• **ABOUT THIS TASK**
Look through the entries and count each line that includes the string "else". Reply with the number alone.

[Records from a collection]
lemma residue_class_far:
  assumes q: "lam ^ q - 1 > lam / (lam - 1)" and l: "l \<noteq> c + q * j"
  shows "\<bar>int (n l) - int (n (c + q * j))\<bar> > int (\<Sum>i<j. n (c + q * i))"
proof -
  define \<mu> where "\<mu> = lam ^ q"
  have "lam / (lam - 1) > 0" using lam_gt_1 by simp
  then have \<mu>: "\<mu> - 1 > lam / (lam - 1)" "\<mu> - 1 > 0" using q unfolding \<mu>_def by auto
  have ratio: "1 / (\<mu> - 1) < 1 - 1/lam"
  proof -
    have "1 / (\<mu> - 1) < 1 / (lam / (lam - 1))"
      using \<mu> \<open>lam / (lam - 1) > 0\<close> by (intro divide_strict_left_mono mult_pos_pos) auto
    also have "\<dots> = 1 - 1/lam" using lam_gt_1 by (simp add: field_simps)
    finally show ?thesis .
  qed
  have "(\<mu> - 1) * (\<Sum>i<j. real (n (c + q * i))) \<le> real (n (c + q * j))"
    using \<mu> unfolding \<mu>_def by (intro residue_class_sum_bound) simp
  then have "(\<Sum>i<j. real (n (c + q * i))) \<le> real (n (c + q * j)) / (\<mu> - 1)"
    using \<mu> by (simp add: pos_le_divide_eq mult.commute)
  also have "\<dots> = (1 / (\<mu> - 1)) * real (n (c + q * j))" by simp
  also have "\<dots> < (1 - 1/lam) * real (n (c + q * j))"
    using ratio n_pos[of "c + q * j"] by (intro mult_strict_right_mono) simp_all
  also have "\<dots> \<le> \<bar>real (n l) - real (n (c + q * j))\<bar>" by (rule lacunary_separation[OF l])
  finally have "real_of_int (int (\<Sum>i<j. n (c + q * i))) < real_of_int \<bar>int (n l) - int (n (c + q * j))\<bar>"
    by simp
  then show ?thesis by (simp only: of_int_less_iff)
qed

end

definition gap_coeff :: "(nat \<Rightarrow> nat) \<Rightarrow> (nat \<Rightarrow> complex) \<Rightarrow> nat \<Rightarrow> complex" where
  "gap_coeff n a m = (if m \<in> range n then a (inv n m) else 0)"

context lacunary
begin

lemma gap_coeff_at: "gap_coeff n a (n k) = a k"
  unfolding gap_coeff_def using strict_mono_n by (simp add: strict_mono_imp_inj_on inv_f_f)

lemma summable_gap_series_iff:
  fixes a :: "nat \<Rightarrow> complex" and z :: complex
  shows "summable (\<lambda>k. a k * z ^ n k) \<longleftrightarrow> summable (\<lambda>m. gap_coeff n a m * z ^ m)"
proof -
  have "summable (\<lambda>k. gap_coeff n a (n k) * z ^ n k) \<longleftrightarrow> summable (\<lambda>m. gap_coeff n a m * z ^ m)"
    by (rule summable_mono_reindex[OF strict_mono_n]) (simp add: gap_coeff_def)
  then show ?thesis by (simp only: gap_coeff_at)
qed

lemma suminf_gap_series:
  fixes a :: "nat \<Rightarrow> complex" and z :: complex
  shows "(\<Sum>k. a k * z ^ n k) = (\<Sum>m. gap_coeff n a m * z ^ m)"
proof -
  have "(\<Sum>k. gap_coeff n a (n k) * z ^ n k) = (\<Sum>m. gap_coeff n a m * z ^ m)"
    by (rule suminf_mono_reindex[OF strict_mono_n]) (simp add: gap_coeff_def)
  then show ?thesis by (simp only: gap_coeff_at)
qed

text \<open>Convergence of the gap series in the disc is absolute, like for any power series.\<close>
lemma gap_series_abs_summable:
  fixes a :: "nat \<Rightarrow> complex" and z :: complex
  assumes summ: "\<And>z. norm z < 1 \<Longrightarrow> summable (\<lambda>k. a k * z ^ n k)" and z: "norm z < 1"
  shows "summable (\<lambda>k. norm (a k * z ^ n k))"
proof -
  define \<rho> where "\<rho> = (norm z + 1) / 2"
  have \<rho>: "norm z < \<rho>" "\<rho> < 1" "0 \<le> \<rho>" using z unfolding \<rho>_def by auto
  then have "summable (\<lambda>k. a k * complex_of_real \<rho> ^ n k)" by (intro summ) simp
  then have "summable (\<lambda>m. gap_coeff n a m * complex_of_real \<rho> ^ m)"
    by (simp add: summable_gap_series_iff)
  then have "summable (\<lambda>m. norm (gap_coeff n a m * z ^ m))"
    by (rule powser_insidea) (use \<rho> in simp)
  moreover have "summable (\<lambda>k. norm (gap_coeff n a (n k) * z ^ n k))
      \<longleftrightarrow> summable (\<lambda>m. norm (gap_coeff n a m * z ^ m))"
    by (rule summable_mono_reindex[OF strict_mono_n]) (simp add: gap_coeff_def)
  ultimately show ?thesis by (simp only: gap_coeff_at)
qed

lemma gap_series_holomorphic:
  fixes a :: "nat \<Rightarrow> complex"
  assumes summ: "\<And>z. norm z < 1 \<Longrightarrow> summable (\<lambda>k. a k * z ^ n k)"
  shows "(\<lambda>z. \<Sum>k. a k * z ^ n k) holomorphic_on ball 0 1"
proof -
  have "\<And>z. norm z < 1 \<Longrightarrow> summable (\<lambda>m. gap_coeff n a m * z ^ m)"
    using summ by (simp add: summable_gap_series_iff)
  then have "\<forall>z\<in>ball 0 1. ((\<lambda>z. \<Sum>m. gap_coeff n a m * z ^ m) has_field_derivative
      (\<Sum>m. diffs (gap_coeff n a) m * z ^ m)) (at z)"
    by (auto intro!: termdiffs_strong')
  then show ?thesis
    unfolding suminf_gap_series by (auto simp: holomorphic_on_open)
qed

end

lemma partials_of_Re:
  fixes u :: "complex \<Rightarrow> real" and G :: "complex \<Rightarrow> complex"
  assumes S: "open S" "z \<in> S" and eq: "\<And>w. w \<in> S \<Longrightarrow> u w = Re (G w)"
    and d: "(G has_field_derivative G') (at z)"
  shows "dx u z = Re G'" "dy u z = Re (\<i> * G')"
proof -
  have along: "((\<lambda>t. u (z + c * complex_of_real t)) has_field_derivative Re (G' * c)) (at 0)" for c
  proof -
    have "((\<lambda>w. z + c * w) has_field_derivative c) (at 0)" by (auto intro!: derivative_eq_intros)
    moreover have "(G has_field_derivative G') (at (z + c * 0))" using d by simp
    ultimately have "((\<lambda>w. G (z + c * w)) has_field_derivative G' * c) (at 0)"
      by (rule DERIV_chain2[rotated])
    then have "((\<lambda>t. Re (G (z + c * complex_of_real t))) has_field_derivative Re (G' * c)) (at 0)"
      using has_field_derivative_Re[OF has_vector_derivative_real_field[of "\<lambda>w. G (z + c * w)" "G' * c" 0 UNIV]]
      by simp
    moreover have "open ((\<lambda>t::real. z + c * complex_of_real t) -` S)"
      by (rule open_vimage[OF S(1)]) (intro continuous_intros)
    ultimately show ?thesis
      by (rule has_field_derivative_transform_within_open) (use S eq in auto)
  qed
  show "dx u z = Re G'" using along[of 1] unfolding dx_def by (simp add: DERIV_imp_deriv)
  show "dy u z = Re (\<i> * G')" using along[of \<i>] unfolding dy_def by (simp add: DERIV_imp_deriv mult.commute)
qed

lemma differentiable_Re:
  fixes u :: "complex \<Rightarrow> real" and G :: "complex \<Rightarrow> complex"
  assumes S: "open S" "z \<in> S" and eq: "\<And>w. w \<in> S \<Longrightarrow> u w = Re (G w)"
    and d: "(G has_field_derivative G') (at z)"
  shows "u differentiable (at z)"
proof -
  have "(G has_derivative (\<lambda>h. G' * h)) (at z)" using d by (simp add: has_field_derivative_def)
  then have "((\<lambda>w. Re (G w)) has_derivative (\<lambda>h. Re (G' * h))) (at z)"
    by (rule bounded_linear.has_derivative[OF bounded_linear_Re])
  then have "(u has_derivative (\<lambda>h. Re (G' * h))) (at z)"
    by (rule has_derivative_transform_within_open[OF _ S]) (use eq in auto)
  then show ?thesis unfolding differentiable_def by blast
qed
(* Let $\mathbb{D}^n$ be the unit polydisk in $\mathbb{C}^n$, let $\mu:\mathbb{D}^n\to(0,\infty)$ be a weight, let $\psi\in H(\mathbb{D}^n)$ and let $\varphi=(\varphi_1,\dots,\varphi_n)$ be a holomorphic self-map of $\mathbb{D}^n$. If $W_{\psi,\varphi}:\mathcal{B}(\mathbb{D}^n)\to H^\infty_\mu(\mathbb{D}^n)$, $W_{\psi,\varphi}f=\psi\,(f\circ\varphi)$, is bounded, then $$\max\Big\{\|\psi\|_{H^\infty_\mu},\ \frac{1}{n(1+\log 2)}\vartheta_\mu(\psi,\varphi)\Big\}\le\|W_{\psi,\varphi}\|\le\max\{\|\psi\|_{H^\infty_\mu},\ \vartheta_\mu(\psi,\varphi)\},$$ where $\vartheta_\mu(\psi,\varphi)=\sup_{z\in\mathbb{D}^n}\tfrac12\mu(z)|\psi(z)|\sum_{j=1}^n\log\frac{1+|\varphi_j(z)|}{1-|\varphi_j(z)|}$.
   Context: $H(\mathbb{D}^n)$ denotes holomorphic functions $\mathbb{D}^n\to\mathbb{C}$. A weight is a continuous strictly positive function $\mu$; $H^\infty_\mu(\mathbb{D}^n)=\{f\in H(\mathbb{D}^n):\|f\|_{H^\infty_\mu}=\sup_{z}\mu(z)|f(z)|<\infty\}$. The Bergman metric of $\mathbb{D}^n$ is $H_z(u,\bar v)=\sum_{j=1}^n\frac{u_j\bar v_j}{(1-|z_j|^2)^2}$. For $f\in H(\mathbb{D}^n)$, $Q_f(z)=\sup_{u\ne 0}\frac{|\sum_k \partial_k f(z)u_k|}{H_z(u,\bar u)^{1/2}}$, $\beta_f=\sup_z Q_f(z)$, $\mathcal{B}(\mathbb{D}^n)=\{f:\beta_f<\infty\}$ with norm $\|f\|_{\mathcal{B}}=|f(0)|+\beta_f$. *)

theory Defs
  imports "HOL-Analysis.Analysis"
begin

text \<open>The unit polydisk in C^n, with n = CARD('n).\<close>
definition polydisk :: "(complex^'n) set" where
  "polydisk = {z. \<forall>j. cmod (z $ j) < 1}"
(* Let $G$ be a group equipped with a proper left-invariant metric $d_G$ (bounded sets are finite). Suppose $G$ is locally finite. Then the following are equivalent: (a) $\mathrm{dim}_{AN}(G,d_G)=0$; (b) there is a constant $c>0$ such that for each $r>0$ the subgroup of $G$ generated by the open ball $B(1,r)$ is contained in $B(1,c\cdot r)$.
   Context: A group is locally finite if every finitely generated subgroup is finite. For a metric space $X$, $r>0$: an $r$-path is a sequence $x_0,\dots,x_m$ with $d(x_j,x_{j+1})<r$; two points of $Y\subseteq X$ lie in the same $r$-component of $Y$ if joined by an $r$-path in $Y$. An $n$-dimensional control function of $X$ is $D:\mathbb{R}_+\to\mathbb{R}_+\cup\{\infty\}$ such that for each $r>0$ there is a cover $\{X_0,\dots,X_n\}$ of $X$ such that every open ball $B(x,r)$ lies in some $X_i$ and every $r$-component of each $X_i$ has diameter at most $D(r)$. $\mathrm{dim}_{AN}(X)$ is the smallest $n$ such that $X$ has an $n$-dimensional control function of the form $D(r)=Cr$ for some $C>0$. *)

theory Defs
  imports "HOL-Algebra.Algebra" "HOL-Library.Extended_Real" "HOL-Library.Extended_Nat"
begin

definition metric_on :: "'a set \<Rightarrow> ('a \<Rightarrow> 'a \<Rightarrow> real) \<Rightarrow> bool" where
  "metric_on M d \<longleftrightarrow>
     (\<forall>x\<in>M. \<forall>y\<in>M. d x y \<ge> 0 \<and> (d x y = 0 \<longleftrightarrow> x = y) \<and> d x y = d y x) \<and>
     (\<forall>x\<in>M. \<forall>y\<in>M. \<forall>z\<in>M. d x z \<le> d x y + d y z)"

definition mball :: "'a set \<Rightarrow> ('a \<Rightarrow> 'a \<Rightarrow> real) \<Rightarrow> 'a \<Rightarrow> real \<Rightarrow> 'a set" where
  "mball M d x r = {y\<in>M. d x y < r}"

definition same_r_component ::
  "('a \<Rightarrow> 'a \<Rightarrow> real) \<Rightarrow> real \<Rightarrow> 'a set \<Rightarrow> 'a \<Rightarrow> 'a \<Rightarrow> bool" where
  "same_r_component d r Y x y \<longleftrightarrow>
     (\<exists>ps. ps \<noteq> [] \<and> hd ps = x \<and> last ps = y \<and> set ps \<subseteq> Y \<and>
           (\<forall>j. Suc j < length ps \<longrightarrow> d (ps ! j) (ps ! Suc j) < r))"

text \<open>n-dimensional control function D of (M,d). The diameter bound
  "every r-component of U i has diameter at most D r" is written out:
  any two points of one r-component have distance at most D r.\<close>
definition control_function ::
  "'a set \<Rightarrow> ('a \<Rightarrow> 'a \<Rightarrow> real) \<Rightarrow> nat \<Rightarrow> (real \<Rightarrow> ereal) \<Rightarrow> bool" where
  "control_function M d n D \<longleftrightarrow>
     (\<forall>r>0. \<exists>U :: nat \<Rightarrow> 'a set.
        (\<forall>i\<le>n. U i \<subseteq> M) \<and> (\<Union>i\<le>n. U i) = M \<and>
        (\<forall>x\<in>M. \<exists>i\<le>n. mball M d x r \<subseteq> U i) \<and>
        (\<forall>i\<le>n. \<forall>x y. same_r_component d r (U i) x y \<longrightarrow> ereal (d x y) \<le> D r))"

definition dim_AN :: "'a set \<Rightarrow> ('a \<Rightarrow> 'a \<Rightarrow> real) \<Rightarrow> enat" where
  "dim_AN M d =
     (if \<exists>n C. C > 0 \<and> control_function M d n (\<lambda>r. ereal (C * r))
      then enat (LEAST n. \<exists>C. C > 0 \<and> control_function M d n (\<lambda>r. ereal (C * r)))
      else \<infinity>)"

definition locally_finite_group :: "('a, 'b) monoid_scheme \<Rightarrow> bool" where
  "locally_finite_group G \<longleftrightarrow>
     (\<forall>S. S \<subseteq> carrier G \<longrightarrow> finite S \<longrightarrow> finite (generate G S))"

definition left_invariant :: "('a, 'b) monoid_scheme \<Rightarrow> ('a \<Rightarrow> 'a \<Rightarrow> real) \<Rightarrow> bool" where
  "left_invariant G d \<longleftrightarrow>
     (\<forall>g\<in>carrier G. \<forall>x\<in>carrier G. \<forall>y\<in>carrier G. d (g \<otimes>\<^bsub>G\<^esub> x) (g \<otimes>\<^bsub>G\<^esub> y) = d x y)"

definition proper_metric :: "'a set \<Rightarrow> ('a \<Rightarrow> 'a \<Rightarrow> real) \<Rightarrow> bool" where
  "proper_metric M d \<longleftrightarrow>
     (\<forall>S. S \<subseteq> M \<longrightarrow> (\<exists>x\<in>M. \<exists>R. \<forall>y\<in>S. d x y \<le> R) \<longrightarrow> finite S)"

end

(*
  For a left-invariant metric, an r-path x = x_0, ..., x_m = y is the same as a factorisation
  of x^-1 y into the increments x_j^-1 x_(j+1), which lie in the ball B(1,r). So the r-component
  of x is the coset x<B(1,r)>, and all r-components are translates of the subgroup <B(1,r)>.
  Dimension 0 with linear control means that r-components have diameter O(r), which is thus
  the condition d(1,h) = O(r) for h in <B(1,r)>.
*)
theory Submission
  imports Defs
begin

definition r_adjacent :: "('a \<Rightarrow> 'a \<Rightarrow> real) \<Rightarrow> real \<Rightarrow> 'a set \<Rightarrow> ('a \<times> 'a) set" where
  "r_adjacent d r Y = {(a, b). a \<in> Y \<and> b \<in> Y \<and> d a b < r}"

lemma same_r_component_iff_rtrancl:
  "same_r_component d r Y x y \<longleftrightarrow> x \<in> Y \<and> (x, y) \<in> (r_adjacent d r Y)\<^sup>*"
proof
  assume "same_r_component d r Y x y"
  then obtain ps where ps: "ps \<noteq> []" "hd ps = x" "last ps = y" "set ps \<subseteq> Y"
    "\<forall>j. Suc j < length ps \<longrightarrow> d (ps ! j) (ps ! Suc j) < r"
    unfolding same_r_component_def by blast
  have "(x, y) \<in> r_adjacent d r Y ^^ (length ps - 1)"
    unfolding relpow_fun_conv
    using ps by (intro exI[of _ "(!) ps"]) (auto simp: hd_conv_nth last_conv_nth r_adjacent_def)
  moreover have "x \<in> Y"
    using ps by auto
  ultimately show "x \<in> Y \<and> (x, y) \<in> (r_adjacent d r Y)\<^sup>*"
    by (auto simp: rtrancl_power)
next
  assume "x \<in> Y \<and> (x, y) \<in> (r_adjacent d r Y)\<^sup>*"
  then obtain n f where f: "f 0 = x" "f n = y" "\<forall>i<n. (f i, f (Suc i)) \<in> r_adjacent d r Y"
    and "x \<in> Y"
    by (auto simp: rtrancl_power relpow_fun_conv)
  have "f i \<in> Y" if "i \<le> n" for i
    using that f \<open>x \<in> Y\<close> by (cases i) (auto simp: r_adjacent_def)
  then show "same_r_component d r Y x y"
    unfolding same_r_component_def using f
    by (intro exI[of _ "map f [0..<Suc n]"])
      (auto simp: hd_map last_map r_adjacent_def simp del: upt_Suc)
qed

lemma dim_AN_eq_0_iff:
  "dim_AN M d = 0 \<longleftrightarrow>
     (\<exists>C>0. \<forall>r>0. \<forall>x y. same_r_component d r M x y \<longrightarrow> d x y \<le> C * r)"
proof -
  have control_0_iff: "control_function M d 0 (\<lambda>r. ereal (C * r)) \<longleftrightarrow>
      (\<forall>r>0. \<forall>x y. same_r_component d r M x y \<longrightarrow> d x y \<le> C * r)" for C
    unfolding control_function_def
    by (auto simp: mball_def intro!: exI[of _ "\<lambda>_. M"])
  define linear_control where
    "linear_control n \<longleftrightarrow> (\<exists>C>0. control_function M d n (\<lambda>r. ereal (C * r)))" for n
  have "dim_AN M d = 0 \<longleftrightarrow> linear_control 0"
  proof
    assume "dim_AN M d = 0"
    then have "\<exists>n. linear_control n" and "(LEAST n. linear_control n) = 0"
      by (auto simp: dim_AN_def linear_control_def zero_enat_def split: if_splits)
    then show "linear_control 0"
      by (metis LeastI_ex)
  qed (auto simp: dim_AN_def linear_control_def zero_enat_def intro: Least_eq_0)
  with control_0_iff show ?thesis
    by (simp add: linear_control_def)
qed

lemma linear_bound_le_iff_less:
  fixes f :: "'a \<Rightarrow> real"
  shows "(\<exists>C>0. \<forall>r>0. \<forall>x\<in>A r. f x \<le> C * r) \<longleftrightarrow> (\<exists>c>0. \<forall>r>0. \<forall>x\<in>A r. f x < c * r)"
proof
  assume "\<exists>C>0. \<forall>r>0. \<forall>x\<in>A r. f x \<le> C * r"
  then obtain C where "C > 0" and "\<forall>r>0. \<forall>x\<in>A r. f x \<le> C * r"
    by blast
  then have "\<forall>r>0. \<forall>x\<in>A r. f x < (2 * C) * r"
    by (smt (verit) mult_strict_right_mono)
  with \<open>C > 0\<close> show "\<exists>c>0. \<forall>r>0. \<forall>x\<in>A r. f x < c * r"
    by (intro exI[of _ "2 * C"]) simp
qed (auto intro: less_imp_le)

locale left_invariant_metric_group = group G for G (structure) +
  fixes d :: "'a \<Rightarrow> 'a \<Rightarrow> real"
  assumes metric: "metric_on (carrier G) d"
    and invariant: "left_invariant G d"
begin

lemma dist_translate:
  "\<lbrakk>g \<in> carrier G; x \<in> carrier G; y \<in> carrier G\<rbrakk> \<Longrightarrow> d (g \<otimes> x) (g \<otimes> y) = d x y"
  using invariant unfolding left_invariant_def by blast

lemma dist_one_inv_mult:
  "\<lbrakk>x \<in> carrier G; y \<in> carrier G\<rbrakk> \<Longrightarrow> d \<one> (inv x \<otimes> y) = d x y"
  using dist_translate[of "inv x" x y] by simp

lemma dist_one_inv:
  "x \<in> carrier G \<Longrightarrow> d \<one> (inv x) = d \<one> x"
  using dist_one_inv_mult[of x \<one>] metric by (simp add: metric_on_def)

abbreviation ball_one :: "real \<Rightarrow> 'a set" where
  "ball_one r \<equiv> mball (carrier G) d \<one> r"

lemma ball_one_subset_carrier: "ball_one r \<subseteq> carrier G"
  by (auto simp: mball_def)

lemma r_adjacent_rtrancl_translate:
  assumes "(x, y) \<in> (r_adjacent d r (carrier G))\<^sup>*" and "g \<in> carrier G"
  shows "(g \<otimes> x, g \<otimes> y) \<in> (r_adjacent d r (carrier G))\<^sup>*"
  using assms(1)
proof (induction rule: rtrancl_induct)
  case (step y z)
  then have "(g \<otimes> y, g \<otimes> z) \<in> r_adjacent d r (carrier G)"
    using assms(2) dist_translate by (auto simp: r_adjacent_def)
  with step.IH show ?case
    by (rule rtrancl_into_rtrancl)
qed simp

lemma same_r_component_iff_generate:
  "same_r_component d r (carrier G) x y \<longleftrightarrow>
     x \<in> carrier G \<and> y \<in> carrier G \<and> inv x \<otimes> y \<in> generate G (ball_one r)"
  unfolding same_r_component_iff_rtrancl
proof safe
  assume x: "x \<in> carrier G" and xy: "(x, y) \<in> (r_adjacent d r (carrier G))\<^sup>*"
  from xy have "y \<in> carrier G \<and> inv x \<otimes> y \<in> generate G (ball_one r)"
  proof (induction rule: rtrancl_induct)
    case base
    show ?case
      using x by (simp add: generate.one)
  next
    case (step y z)
    then have y: "y \<in> carrier G" and z: "z \<in> carrier G" and "d y z < r"
      by (auto simp: r_adjacent_def)
    then have "inv y \<otimes> z \<in> generate G (ball_one r)"
      by (intro generate.incl) (simp add: mball_def dist_one_inv_mult)
    moreover have "inv x \<otimes> z = (inv x \<otimes> y) \<otimes> (inv y \<otimes> z)"
      using x y z by (simp add: m_assoc flip: m_assoc[of y "inv y" z])
    ultimately show ?case
      using step.IH z by (metis generate.eng)
  qed
  then show "y \<in> carrier G" and "inv x \<otimes> y \<in> generate G (ball_one r)"
    by auto
next
  assume x: "x \<in> carrier G" and y: "y \<in> carrier G"
    and "inv x \<otimes> y \<in> generate G (ball_one r)"
  have "(\<one>, h) \<in> (r_adjacent d r (carrier G))\<^sup>*" if "h \<in> generate G (ball_one r)" for h
    using that
  proof (induction rule: generate.induct)
    case (incl h)
    then show ?case
      by (auto simp: mball_def r_adjacent_def)
  next
    case (inv h)
    then show ?case
      by (auto simp: mball_def r_adjacent_def dist_one_inv)
  next
    case (eng h1 h2)
    then have "h1 \<in> carrier G"
      using generate_in_carrier ball_one_subset_carrier by blast
    with eng.IH(2) have "(h1 \<otimes> \<one>, h1 \<otimes> h2) \<in> (r_adjacent d r (carrier G))\<^sup>*"
      by (rule r_adjacent_rtrancl_translate)
    with eng.IH(1) \<open>h1 \<in> carrier G\<close> show ?case
      by simp
  qed simp
  from r_adjacent_rtrancl_translate[OF this[OF \<open>inv x \<otimes> y \<in> _\<close>] x]
  show "(x, y) \<in> (r_adjacent d r (carrier G))\<^sup>*"
    using x y by (simp flip: m_assoc)
qed

lemma r_component_dist_bound_iff:
  "(\<forall>x y. same_r_component d r (carrier G) x y \<longrightarrow> d x y \<le> R) \<longleftrightarrow>
     (\<forall>h\<in>generate G (ball_one r). d \<one> h \<le> R)"
proof safe
  fix h
  assume "\<forall>x y. same_r_component d r (carrier G) x y \<longrightarrow> d x y \<le> R"
    and h: "h \<in> generate G (ball_one r)"
  moreover have "same_r_component d r (carrier G) \<one> h"
    using h generate_in_carrier[OF ball_one_subset_carrier h]
    by (simp add: same_r_component_iff_generate)
  ultimately show "d \<one> h \<le> R"
    by blast
next
  fix x y
  assume "\<forall>h\<in>generate G (ball_one r). d \<one> h \<le> R"
    and "same_r_component d r (carrier G) x y"
  then show "d x y \<le> R"
    unfolding same_r_component_iff_generate by (metis dist_one_inv_mult)
qed

lemma generate_subset_ball_one_iff:
  "generate G (ball_one r) \<subseteq> ball_one R \<longleftrightarrow> (\<forall>h\<in>generate G (ball_one r). d \<one> h < R)"
  using generate_incl[OF ball_one_subset_carrier] by (auto simp: mball_def)

end

theorem proposition2p1:
  fixes G :: "('a, 'b) monoid_scheme" and d :: "'a \<Rightarrow> 'a \<Rightarrow> real"
  assumes "group G"
    and "metric_on (carrier G) d"
    and "left_invariant G d"
    and "proper_metric (carrier G) d"
    and "locally_finite_group G"
  shows "dim_AN (carrier G) d = 0 \<longleftrightarrow>
         (\<exists>c>0. \<forall>r>0. generate G (mball (carrier G) d \<one>\<^bsub>G\<^esub> r)
                        \<subseteq> mball (carrier G) d \<one>\<^bsub>G\<^esub> (c * r))"
proof -
  interpret left_invariant_metric_group G d
    using assms(1-3)
    by (intro left_invariant_metric_group.intro left_invariant_metric_group_axioms.intro)
  have "dim_AN (carrier G) d = 0 \<longleftrightarrow>
      (\<exists>C>0. \<forall>r>0. \<forall>h\<in>generate G (ball_one r). d \<one>\<^bsub>G\<^esub> h \<le> C * r)"
    by (simp add: dim_AN_eq_0_iff r_component_dist_bound_iff)
  also have "\<dots> \<longleftrightarrow> (\<exists>c>0. \<forall>r>0. \<forall>h\<in>generate G (ball_one r). d \<one>\<^bsub>G\<^esub> h < c * r)"
    by (rule linear_bound_le_iff_less)
  finally show ?thesis
    by (simp add: generate_subset_ball_one_iff)
qed

end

• **PROBLEM SOLUTION**
2